The virtual technology also means every minute of the presentations is available to all attendees. During concurrent sessions, conference-goers don’t have to pick and choose what they want to see – they can view real-time events and then, later, catch the forums they missed.

The Real Estate Forum in Toronto

“Everything is available on demand for a number of weeks after the event,” Przybylowski said. “In the Real Estate Forum in Toronto, we have concurrent sessions three times. Once there are five, another time there are five and once there are two.

“So there are 12 sessions, but (in person) you and I can only go to three of them. In a virtual conference, you get to see when you want to see however many of those forums as you want.”

During the Toronto conference, which features about 90 speakers (42 of them with CEO or president in their job titles), that means you can experience almost double the content compared to attending in person.

Przybylowski said the Toronto forum brings a national perspective to the discussion, something not as prevalent at the local conferences. And while the forum has traditionally been hosted in Toronto, it’s not just about Toronto.

“The Real Estate Forum in Toronto is always looking at things nationally,” he explained. “So if you are at all a national player or a regional player . . . you don’t get that same level of information in our local events.”

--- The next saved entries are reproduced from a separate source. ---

lemma det_row_transvection:
  fixes w :: "'a::field^'n"
  assumes "w $ k = 0"
  shows "det (mat 1 + tens (axis k 1) w) = 1"
proof -
  have "w = (\<Sum>j\<in>UNIV - {k}. w $ j *s axis j 1)"
    using assms basis_expansion[of w] by (simp add: sum.remove[of UNIV k])
  also have "\<dots> \<in> vec.span {row j (mat 1 :: 'a^'n^'n) |j. j \<noteq> k}"
    by (intro vec.span_sum vec.span_scale vec.span_base)
      (auto simp: row_def mat_def axis_def vec_eq_iff)
  finally have "det (\<chi> i. if i = k then row k (mat 1) + w else row i (mat 1 :: 'a^'n^'n)) = 1"
    using det_row_span by fastforce
  moreover have "mat 1 + tens (axis k 1) w
      = (\<chi> i. if i = k then row k (mat 1) + w else row i (mat 1 :: 'a^'n^'n))"
    by (simp add: vec_eq_iff tens_def row_def mat_def axis_def)
  ultimately show ?thesis
    by simp
qed

lemma det_transvection:
  fixes u v :: "'a::field^'n"
  assumes "pair v u = 0"
  shows "det (mat 1 + tens u v) = 1"
proof (cases "u = 0")
  case False
  then obtain k where "u $ k \<noteq> 0"
    by (metis vec_eq_iff zero_index)
  \<comment> \<open>P maps the k-th basis vector to u, so it conjugates the transvection into one
    that changes only the k-th row.\<close>
  define P where "P = mat 1 + tens (u - axis k 1) (axis k 1 :: 'a^'n)"
  have "invertible P"
    using rank_one_update_inverse[of "axis k 1" "u - axis k 1"] \<open>u $ k \<noteq> 0\<close>
    unfolding P_def invertible_right_inverse by (auto simp: pair_axis_left)
  then have "det P \<noteq> 0"
    by (simp add: invertible_det_nz)
  have P_axis: "P *v axis k 1 = u"
    by (simp add: P_def matrix_vector_mult_add_rdistrib tens_mult_vector pair_axis_left)
  define w where "w = v v* P"
  have "w $ k = 0"
    using assms by (simp add: w_def flip: pair_axis_right) (simp add: pair_vector_matrix_mult P_axis)
  have "(mat 1 + tens u v) ** P = P ** (mat 1 + tens (axis k 1) w)"
    by (simp add: matrix_add_ldistrib matrix_add_rdistrib tens_matrix_mult matrix_mult_tens
        P_axis w_def)
  then have "det (mat 1 + tens u v) * det P = det P * det (mat 1 + tens (axis k 1) w)"
    by (metis det_mul)
  then show ?thesis
    using det_row_transvection[OF \<open>w $ k = 0\<close>] \<open>det P \<noteq> 0\<close> by simp
qed simp

lemma transvection_in_SL: "pair v u = 0 \<Longrightarrow> mat 1 + tens u v \<in> SL"
  by (simp add: SL_def det_transvection)

lemma conjugate_tens:
  fixes g h :: "'a::field^'n^'n"
  shows "g ** tens d phi ** h = tens (g *v d) (phi v* h)"
  by (simp add: matrix_mult_tens tens_matrix_mult)

lemma conjugate_transvection:
  fixes g h :: "'a::field^'n^'n"
  assumes "g ** h = mat 1"
  shows "g ** (mat 1 + tens d phi) ** h = mat 1 + tens (g *v d) (phi v* h)"
  using assms by (simp add: matrix_add_ldistrib matrix_add_rdistrib conjugate_tens)

lemma transv_rep_conjugate:
  fixes g :: "'a::field^'n^'n"
  assumes "invertible g" "transv_rep r d phi"
  shows "transv_rep (g ** r ** matrix_inv g) (g *v d) (phi v* matrix_inv g)"
proof -
  have "matrix_inv g *v (g *v d) = d"
    using assms by (simp add: matrix_vector_mul_assoc matrix_inv_left)
  then have "g *v d \<noteq> 0"
    using assms by (auto simp: transv_rep_def)
  have "(phi v* matrix_inv g) v* g = phi"
    using assms by (simp add: vector_matrix_mul_assoc matrix_inv_left)
  then have "phi v* matrix_inv g \<noteq> 0"
    using assms by (auto simp: transv_rep_def)
  have "pair (phi v* matrix_inv g) (g *v d) = 0"
    using assms by (simp add: transv_rep_def pair_vector_matrix_mult matrix_vector_mul_assoc
        matrix_inv_left)
  then show ?thesis
    using assms \<open>g *v d \<noteq> 0\<close> \<open>phi v* matrix_inv g \<noteq> 0\<close>
    by (simp add: transv_rep_def conjugate_transvection matrix_inv_right)
qed

lemma transv_rep_neq_1: "transv_rep r d phi \<Longrightarrow> r \<noteq> mat 1"
  by (auto simp: transv_rep_def tens_eq_0_iff)

text \<open>Since (s - 1)(r - 1) = phi2(d1) d2 \<otimes> phi1, an edge is witnessed by any pair of
  representatives.\<close>

lemma tedge_iff:
  fixes d1 phi1 :: "'a::field^'n"
  assumes r: "transv_rep r d1 phi1" and s: "transv_rep s d2 phi2"
  shows "tedge r s \<longleftrightarrow> pair phi2 d1 \<noteq> 0"
proof -
  have product: "pair phi2' d1' \<noteq> 0 \<longleftrightarrow> (s - mat 1) ** (r - mat 1) \<noteq> 0"
    if "transv_rep r d1' phi1'" "transv_rep s d2' phi2'" for d1' phi1' d2' phi2'
    using that by (auto simp: transv_rep_def tens_mult_tens tens_eq_0_iff)
  show ?thesis
  proof
    assume "tedge r s"
    then obtain d1' phi1' d2' phi2' where
      "transv_rep r d1' phi1'" "transv_rep s d2' phi2'" "pair phi2' d1' \<noteq> 0"
      unfolding tedge_def by blast
    then show "pair phi2 d1 \<noteq> 0"
      using product product[OF r s] by simp
  qed (use r s in \<open>auto simp: tedge_def\<close>)
qed

lemma not_tedge_self:
  assumes "transv_rep r d phi"
  shows "\<not> tedge r r"
  using tedge_iff[OF assms assms] assms by (simp add: transv_rep_def)

section \<open>Conjugates by short products of generators\<close>

definition products :: "('a::field^'n^'n) set \<Rightarrow> nat \<Rightarrow> ('a^'n^'n) set" where
  "products X k = {listprod xs | xs. length xs = k \<and> set xs \<subseteq> X}"

lemma listprod_Nil [simp]: "listprod [] = mat 1"
  by (simp add: listprod_def)

lemma listprod_Cons [simp]: "listprod (x # xs) = x ** listprod xs"
  by (simp add: listprod_def)

lemma listprod_append: "listprod (xs @ ys) = listprod xs ** listprod ys"
  by (induction xs) (simp_all add: matrix_mul_assoc)

lemma listprod_SL: "set xs \<subseteq> SL \<Longrightarrow> listprod xs \<in> SL"
  by (induction xs) (simp_all add: SL_def det_mul)

lemma matrix_inv_listprod:
  "set xs \<subseteq> SL \<Longrightarrow> matrix_inv (listprod xs) = listprod (rev (map matrix_inv xs))"
proof (induction xs)
  case (Cons x xs)
  then have "invertible x" "invertible (listprod xs)"
    by (simp_all add: SL_invertible listprod_SL)
  then show ?case
    using Cons by (simp add: matrix_inv_mult listprod_append)
qed simp

lemma products_0: "products X 0 = {mat 1}"
  by (auto simp: products_def)

lemma products_Suc: "products X (Suc k) = {x ** g | x g. x \<in> X \<and> g \<in> products X k}"
proof safe
  fix h assume "h \<in> products X (Suc k)"
  then obtain xs where xs: "h = listprod xs" "length xs = Suc k" "set xs \<subseteq> X"
    by (auto simp: products_def)
  then obtain x ys where "xs = x # ys"
    by (cases xs) auto
  then show "\<exists>x g. h = x ** g \<and> x \<in> X \<and> g \<in> products X k"
    using xs by (auto simp: products_def)
next
  fix x g assume "x \<in> X" "g \<in> products X k"
  then obtain xs where "g = listprod xs" "length xs = k" "set xs \<subseteq> X"
    by (auto simp: products_def)
  then have "x ** g = listprod (x # xs)" "length (x # xs) = Suc k" "set (x # xs) \<subseteq> X"
    using \<open>x \<in> X\<close> by auto
  then show "x ** g \<in> products X (Suc k)"
    unfolding products_def by blast
qed

lemma products_mono: "mat 1 \<in> X \<Longrightarrow> products X k \<subseteq> products X (Suc k)"
  by (auto simp: products_Suc intro: exI[of _ "mat 1"])

lemma mat_1_in_products: "mat 1 \<in> X \<Longrightarrow> mat 1 \<in> products X k"
  using lift_Suc_mono_le[of "products X" 0 k, OF products_mono] by (simp add: products_0)

lemma products_SL: "X \<subseteq> SL \<Longrightarrow> products X k \<subseteq> SL"
  by (auto simp: products_def intro: listprod_SL)

lemma conjugate_by_product_mem:
  assumes "h \<in> products X k"
  shows "h ** (mat 1 + tens d phi) ** matrix_inv h
    \<in> {listprod xs ** (mat 1 + tens (c *s d) phi) ** matrix_inv (listprod xs) | xs c.
        length xs = k \<and> set xs \<subseteq> X}"
proof -
  obtain xs where "h = listprod xs" "length xs = k" "set xs \<subseteq> X"
    using assms by (auto simp: products_def)
  then show ?thesis
    by (intro CollectI exI[of _ xs] exI[of _ 1]) simp
qed

lemma exists_stable_span:
  fixes S :: "nat \<Rightarrow> ('a::field^'m) set"
  assumes mono: "\<And>k. S k \<subseteq> S (Suc k)"
  shows "\<exists>k\<le>CARD('m). vec.span (S k) = vec.span (S (Suc k))"
proof (rule ccontr)
  assume growing: "\<not> ?thesis"
  have "k \<le> vec.dim (S k)" if "k \<le> Suc CARD('m)" for k
    using that
  proof (induction k)
    case (Suc k)
    then have "vec.span (S k) \<subset> vec.span (S (Suc k))"
      using growing mono vec.span_mono by (metis Suc_le_mono psubsetI)
    then have "vec.dim (S k) < vec.dim (S (Suc k))"
      by (rule vec.dim_psubset)
    then show ?case
      using Suc.IH[OF Suc_leD[OF Suc.prems]] by simp
  qed simp
  then show False
    using dim_subset_UNIV_cart_gen[of "S (Suc CARD('m))"] by (metis le_refl not_less_eq_eq)
qed

lemma span_iterates_stabilize:
  fixes S :: "nat \<Rightarrow> ('a::field^'m) set"
  assumes mono: "\<And>k. S k \<subseteq> S (Suc k)"
    and step: "\<And>k. S (Suc k) = (\<Union>x\<in>Z. T x ` S k)"
    and linear: "\<And>x. x \<in> Z \<Longrightarrow> Vector_Spaces.linear (*s) (*s) (T x)"
  shows "S j \<subseteq> vec.span (S CARD('m))"
proof -
  obtain k where k: "k \<le> CARD('m)" "vec.span (S k) = vec.span (S (Suc k))"
    using exists_stable_span mono by blast
  have after_k: "S (k + i) \<subseteq> vec.span (S k)" for i
  proof (induction i)
    case (Suc i)
    have "S (k + Suc i) = (\<Union>x\<in>Z. T x ` S (k + i))"
      using step by simp
    also have "\<dots> \<subseteq> (\<Union>x\<in>Z. T x ` vec.span (S k))"
      using Suc.IH by blast
    also have "\<dots> = (\<Union>x\<in>Z. vec.span (T x ` S k))"
      using vec.linear_span_image[OF linear] by simp
    also have "\<dots> \<subseteq> vec.span (S (Suc k))"
      using step by (intro UN_least vec.span_mono) auto
    finally show ?case
      using k(2) by simp
  qed (simp add: vec.span_superset)
  have S_mono: "S i \<subseteq> S i'" if "i \<le> i'" for i i'
    using lift_Suc_mono_le[of S, OF mono that] .
  have "S j \<subseteq> vec.span (S k)"
  proof (cases "j \<le> k")
    case True
    then show ?thesis
      using S_mono vec.span_superset by blast
  next
    case False
    then show ?thesis
      using after_k[of "j - k"] by simp
  qed
  also have "\<dots> \<subseteq> vec.span (S CARD('m))"
    using S_mono[OF k(1)] by (rule vec.span_mono)
  finally show ?thesis .
qed
lemma pstar_Phi_Suc:
  "pstar (Phi \<alpha> (Suc k)) = pstar (Phi \<alpha> k) - smult (\<alpha> k) (pCons 0 (Phi \<alpha> k))"
proof (rule poly_eqI)
  fix j
  have high: "coeff (Phi \<alpha> k) i = 0" if "k < i" for i
    using Phi_monic that by blast
  have "coeff (Phi \<alpha> (Suc k)) i = (if i = 0 then 0 else coeff (Phi \<alpha> k) (i - 1))
      - cnj (\<alpha> k) * (if i \<le> k then cnj (coeff (Phi \<alpha> k) (k - i)) else 0)" for i
    by (simp add: coeff_pstar coeff_pCons split: nat.splits)
  with high show "coeff (pstar (Phi \<alpha> (Suc k))) j
      = coeff (pstar (Phi \<alpha> k) - smult (\<alpha> k) (pCons 0 (Phi \<alpha> k))) j"
    by (cases j) (auto simp: coeff_pstar coeff_pCons simp del: Phi.simps split: nat.splits)
qed

section \<open>The sesquilinear form of a moment functional\<close>

lemma ipL_eq_sum_atMost:
  assumes "degree f \<le> N" "degree g \<le> M"
  shows "ipL c f g = (\<Sum>j\<le>N. \<Sum>k\<le>M. coeff f j * cnj (coeff g k) * c (int j - int k))"
proof -
  have "(\<Sum>k\<le>M. coeff f j * cnj (coeff g k) * c (int j - int k))
      = (\<Sum>k\<le>degree g. coeff f j * cnj (coeff g k) * c (int j - int k))" for j
    by (rule sum.mono_neutral_right) (use assms in \<open>auto simp: coeff_eq_0\<close>)
  moreover have "(\<Sum>j\<le>N. \<Sum>k\<le>degree g. coeff f j * cnj (coeff g k) * c (int j - int k))
      = (\<Sum>j\<le>degree f. \<Sum>k\<le>degree g. coeff f j * cnj (coeff g k) * c (int j - int k))"
    by (rule sum.mono_neutral_right) (use assms in \<open>auto simp: coeff_eq_0\<close>)
  ultimately show ?thesis
    unfolding ipL_def by simp
qed

lemma ipL_add_left: "ipL c (f1 + f2) g = ipL c f1 g + ipL c f2 g"
  by (subst (1 2 3) ipL_eq_sum_atMost[where N = "max (degree f1) (degree f2)" and M = "degree g"])
    (auto simp: degree_add_le ring_distribs sum.distrib)

lemma ipL_add_right: "ipL c f (g1 + g2) = ipL c f g1 + ipL c f g2"
  by (subst (1 2 3) ipL_eq_sum_atMost[where N = "degree f" and M = "max (degree g1) (degree g2)"])
    (auto simp: degree_add_le ring_distribs sum.distrib)

lemma ipL_smult_left: "ipL c (smult a f) g = a * ipL c f g"
  by (subst (1 2) ipL_eq_sum_atMost[where N = "degree f" and M = "degree g"])
    (auto simp: sum_distrib_left mult_ac)

lemma ipL_smult_right: "ipL c f (smult a g) = cnj a * ipL c f g"
  by (subst (1 2) ipL_eq_sum_atMost[where N = "degree f" and M = "degree g"])
    (auto simp: sum_distrib_left mult_ac)

lemma ipL_diff_left: "ipL c (f1 - f2) g = ipL c f1 g - ipL c f2 g"
  using ipL_add_left[of c f1 "- f2" g] ipL_smult_left[of c "-1" f2 g]
  by (simp add: smult_minus_left)
lemma bounded_orth_proj:
  assumes F: "F \<subseteq> l2"
  shows "bounded_op (orth_proj F)"
proof -
  have lin: "orth_proj F (\<lambda>n. a * x n + b * y n) = (\<lambda>n. a * orth_proj F x n + b * orth_proj F y n)"
    if x: "x \<in> l2" and y: "y \<in> l2" for x y a b
  proof -
    have e: "(\<lambda>n. a * x n + b * y n) = cscale a x + cscale b y" by (simp add: fun_eq_iff cscale_def)
    have "\<And>f. f \<in> F \<Longrightarrow> l2inner (cscale a x + cscale b y) f = a * l2inner x f + b * l2inner y f"
      using F x y by (auto simp: l2inner_add_left l2inner_cscale_left)
    then have "orth_proj F (\<lambda>n. a * x n + b * y n)
        = (\<Sum>f\<in>F. cscale (a * l2inner x f + b * l2inner y f) f)"
      unfolding e using x y by (simp add: orth_proj_apply)
    also have "\<dots> = (\<lambda>n. a * orth_proj F x n + b * orth_proj F y n)"
      using x y by (simp add: orth_proj_apply sum_cscale_apply fun_eq_iff sum_distrib_left
          sum.distrib algebra_simps)
    finally show ?thesis .
  qed
  have bnd: "l2norm (orth_proj F x) \<le> (\<Sum>f\<in>F. (l2norm f)\<^sup>2) * l2norm x" if x: "x \<in> l2" for x
  proof -
    have "l2norm (orth_proj F x) \<le> (\<Sum>f\<in>F. l2norm (cscale (l2inner x f) f))"
      unfolding orth_proj_apply[OF x] using F x by (intro l2norm_sum) auto
    also have "\<dots> = (\<Sum>f\<in>F. cmod (l2inner x f) * l2norm f)"
      using F by (intro sum.cong) (auto simp: l2norm_cscale)
    also have "\<dots> \<le> (\<Sum>f\<in>F. (l2norm x * l2norm f) * l2norm f)"
      using F x norm_l2inner_le by (intro sum_mono mult_right_mono) (auto simp: l2norm_nonneg)
    also have "\<dots> = (\<Sum>f\<in>F. (l2norm f)\<^sup>2) * l2norm x"
      by (simp add: sum_distrib_left power2_eq_square mult_ac)
    finally show ?thesis .
  qed
  have "\<exists>C. \<forall>x\<in>l2. l2norm (orth_proj F x) \<le> C * l2norm x" using bnd by blast
  then show ?thesis unfolding bounded_op_def
    using orth_proj_l2[OF F] lin by (auto simp: orth_proj_outside zero_fun_def)
qed

lemma selfadjoint_orth_proj:
  assumes F: "F \<subseteq> l2"
  shows "selfadjoint_op (orth_proj F)"
proof -
  have "l2inner (orth_proj F x) y = l2inner x (orth_proj F y)"
    if x: "x \<in> l2" and y: "y \<in> l2" for x y
  proof -
    have "l2inner (orth_proj F x) y = (\<Sum>f\<in>F. l2inner x f * l2inner f y)"
      unfolding orth_proj_apply[OF x] using F y by (simp add: l2inner_lincomb_left subset_iff)
    also have "\<dots> = (\<Sum>f\<in>F. cnj (l2inner y f) * l2inner x f)"
      using F x y by (intro sum.cong) (auto simp: l2inner_commute[of y] mult.commute)
    also have "\<dots> = l2inner x (orth_proj F y)"
      unfolding orth_proj_apply[OF y] using F x
      by (simp add: l2inner_sum_right l2inner_cscale_right subset_iff)
    finally show ?thesis .
  qed
  then show ?thesis using bounded_orth_proj[OF F] by (simp add: selfadjoint_op_def)
qed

The subject matter is also different.

“We go far beyond the normal realm of topics,” he said, noting the local forums generally focus on local performance and trends in the four main sectors; office, industrial, retail, multiresidential and their related sub-sectors.

The theme of last year’s sold-out Toronto forum (2,500-plus attendees) was tech, and how it is transforming both the industry and the world.

List of keynote speakers

This year, keynote speakers who’ll offer their perspectives on current trends and issues include former Bank of Canada governor Stephen Poloz, Empire Co. Ltd. CEO Michael Medline, Pulitzer Prize-winning New York Times columnist Thomas Friedman and perhaps the world’s top social well-being expert, Sir Cary Cooper.

“The Toronto forum allows us to bring in people you would never hear at any of our other conferences,” Przybylowski said.

Take Cooper for example, who will discuss what he called a vital topic: “How is COVID-19 changing the people who work for you and consumers and people in general?”

Przybylowski said he’s looking forward to the Real Estate Forum in Toronto to wrap up Informa’s 2020 program, and put everything they’ve learned so far in the local events to the test.

“The scale of the Toronto event is much greater than any of the other conferences that we have done.”